Newspapers have become dumbed down to the point of lacking real news or
substantive analysis. Related to this phenomenon is the strict adherence to the
dictums of political correctness. A few feeble protests from some allegedly
aggrieved party are enough to cause newspapers to retract stories and censure
their output. Is it any wonder the truth has become so hard to find? Also,
newspapers are controlled by the dollars of their advertisers. I can tell the
truth about the housing debacle because I do not worry about the local realtors
pulling their ads from the blog. The fear of economic reprisal is another
factor obscuring the truth. People long for the truth. People want to know what
is really going on and why it is happening — even if this truth offends
someone or is not aligned with a powerful group’s economic interests. Blogs
have become popular because they provide this Truth. Blogs provide a unique
perspective unavailable from traditional publishing outlets.

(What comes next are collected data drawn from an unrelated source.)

lemma compatible_seq_through:
  assumes "inv_seq X p" "1 \<le> n0" "\<alpha> \<in> Y n0" "\<forall>n\<ge>1. Y n \<subseteq> X n"
    and lift: "\<forall>n\<ge>1. \<forall>y\<in>Y n. \<exists>z\<in>Y (Suc n). p n z = y"
  obtains x where "compatible_seq p x" "\<forall>n\<ge>1. x n \<in> X n" "x n0 = \<alpha>"
proof -
  obtain f where f: "\<And>n y. 1 \<le> n \<Longrightarrow> y \<in> Y n \<Longrightarrow> f n y \<in> Y (Suc n) \<and> p n (f n y) = y"
    using lift by metis
  define g where "g = rec_nat \<alpha> (\<lambda>k. f (n0 + k))"
  have gY: "g k \<in> Y (n0 + k)" for k
    by (induction k) (use assms(2,3) f in \<open>simp_all add: g_def\<close>)
  have g_step: "p (n0 + k) (g (Suc k)) = g k" for k
    using f[OF _ gY[of k]] assms(2) by (simp add: g_def)
  define x where "x n = (if n0 \<le> n then g (n - n0) else pnm p n n0 \<alpha>)" for n
  have x_below: "x n = pnm p n n0 \<alpha>" if "n \<le> n0" for n
    using that by (cases "n = n0") (auto simp: x_def g_def)
  have "compatible_seq p x"
    unfolding compatible_seq_def
  proof (intro allI impI)
    fix n :: nat assume "1 \<le> n"
    show "p n (x (Suc n)) = x n"
    proof (cases "n0 \<le> n")
      case True
      then show ?thesis
        using g_step[of "n - n0"] by (simp add: x_def Suc_diff_le)
    next
      case False
      then show ?thesis
        using x_below[of n] x_below[of "Suc n"] pnm_Suc_left[of n n0 p \<alpha>] by simp
    qed
  qed
  moreover have "x n \<in> X n" if "1 \<le> n" for n
  proof (cases "n0 \<le> n")
    case True
    then show ?thesis
      using gY[of "n - n0"] assms(4) that by (auto simp: x_def)
  next
    case False
    have "\<alpha> \<in> X n0"
      using assms(2-4) by blast
    then show ?thesis
      using False x_below[of n] pnm_in_X[OF assms(1) that, of n0 \<alpha>] by simp
  qed
  moreover have "x n0 = \<alpha>"
    by (simp add: x_below)
  ultimately show ?thesis
    using that by blast
qed

lemma mittag_leffler_stabilisation:
  assumes "mittag_leffler X p"
  obtains N where "\<And>n. 1 \<le> n \<Longrightarrow> n < N n"
    and "\<And>n m. 1 \<le> n \<Longrightarrow> N n \<le> m \<Longrightarrow> pnm p n m ` X m = pnm p n (N n) ` X (N n)"
proof -
  have "\<forall>n. \<exists>n1. 1 \<le> n \<longrightarrow> n < n1 \<and> (\<forall>m\<ge>n1. pnm p n m ` X m = pnm p n n1 ` X n1)"
    using assms by (metis mittag_leffler_def le_neq_implies_less order.refl)
  then show ?thesis
    using that by metis
qed

lemma stable_image_lift:
  assumes stable: "\<And>n m. 1 \<le> n \<Longrightarrow> N n \<le> m \<Longrightarrow> pnm p n m ` X m = pnm p n (N n) ` X (N n)"
    and "\<And>n. 1 \<le> n \<Longrightarrow> n < N n" "1 \<le> n" "y \<in> pnm p n (N n) ` X (N n)"
  shows "\<exists>z\<in>pnm p (Suc n) (N (Suc n)) ` X (N (Suc n)). p n z = y"
proof -
  define m where "m = max (N n) (N (Suc n))"
  obtain w where w: "w \<in> X m" "y = pnm p n m w"
    using stable[OF assms(3), of m] assms(4) by (auto simp: m_def)
  have "n < m"
    using assms(2,3) by (fastforce simp: m_def less_max_iff_disj)
  have "pnm p (Suc n) m w \<in> pnm p (Suc n) (N (Suc n)) ` X (N (Suc n))"
    using stable[of "Suc n" m] w(1) by (auto simp: m_def)
  moreover have "p n (pnm p (Suc n) m w) = y"
    using pnm_Suc_left[OF \<open>n < m\<close>, of p w] w(2) by argo
  ultimately show ?thesis
    by blast
qed

theorem proposition7p7:
  fixes X :: "nat \<Rightarrow> 'a set" and p :: "nat \<Rightarrow> 'a \<Rightarrow> 'a"
  assumes "inv_seq X p"
    and "mittag_leffler X p"
  shows "\<forall>n0\<ge>1. \<exists>n1>n0. \<forall>\<alpha>\<in>X n0. extendable X p n0 \<alpha> n1 \<longrightarrow>
           (\<exists>F. isometric_ray X p F \<and> F 0 = None \<and> root_arc p n0 \<alpha> \<subseteq> F ` {0..})"
proof (intro allI impI)
  fix n0 :: nat assume "1 \<le> n0"
  obtain N where N: "\<And>n. 1 \<le> n \<Longrightarrow> n < N n"
    and stable: "\<And>n m. 1 \<le> n \<Longrightarrow> N n \<le> m \<Longrightarrow> pnm p n m ` X m = pnm p n (N n) ` X (N n)"
    using mittag_leffler_stabilisation[OF assms(2)] by blast
  define Y where "Y n = pnm p n (N n) ` X (N n)" for n
  have "\<forall>n\<ge>1. Y n \<subseteq> X n"
    using N pnm_in_X[OF assms(1)] by (fastforce simp: Y_def less_imp_le)
  moreover have "\<forall>n\<ge>1. \<forall>y\<in>Y n. \<exists>z\<in>Y (Suc n). p n z = y"
    using stable_image_lift[OF stable N] by (simp add: Y_def)
  moreover have "\<alpha> \<in> Y n0" if "extendable X p n0 \<alpha> (N n0)" for \<alpha>
    using that by (auto simp: extendable_def Y_def)
  ultimately have "\<exists>F. isometric_ray X p F \<and> F 0 = None \<and> root_arc p n0 \<alpha> \<subseteq> F ` {0..}"
    if "extendable X p n0 \<alpha> (N n0)" for \<alpha>
    using compatible_seq_through[OF assms(1) \<open>1 \<le> n0\<close>] that
    by (metis isometric_seq_ray root_arc_subset_seq_ray seq_ray_0)
  then show "\<exists>n1>n0. \<forall>\<alpha>\<in>X n0. extendable X p n0 \<alpha> n1 \<longrightarrow>
           (\<exists>F. isometric_ray X p F \<and> F 0 = None \<and> root_arc p n0 \<alpha> \<subseteq> F ` {0..})"
    using N[OF \<open>1 \<le> n0\<close>] by blast
qed

end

To change the subject a bit, this week saw a large amount of really bad
news. The stock
market sold off hard
, oil
is topping $140 a barrel
, consumer
sentiment is at its lowest levels since 1980
, the
credit markets are in turmoil
, new
home sales are at their lowest levels ever
, existing
home sales are at very low levels
, and 75%
of the country blames Bush for these problems
. When all the news is that
bad, the contrarian in me thinks it might be time to short oil and buy US
equities. It is always darkest before the dawn, and right now, it is pretty
dark. The housing market will continue to decline, and the financials and
homebuilding stocks will likely continue to decline as well, but I can’t help
but wonder if the broader market is near a medium-term bottom and the economy
is near the bottom of our unofficial recession. This isn’t investment advice,
just an observation on the historic relationship between sentiment and market
activity. If our economic woes continue, the sentiment might be right; however
at some point, sentiment will reach a bearish peak, and that will be when
everything improves.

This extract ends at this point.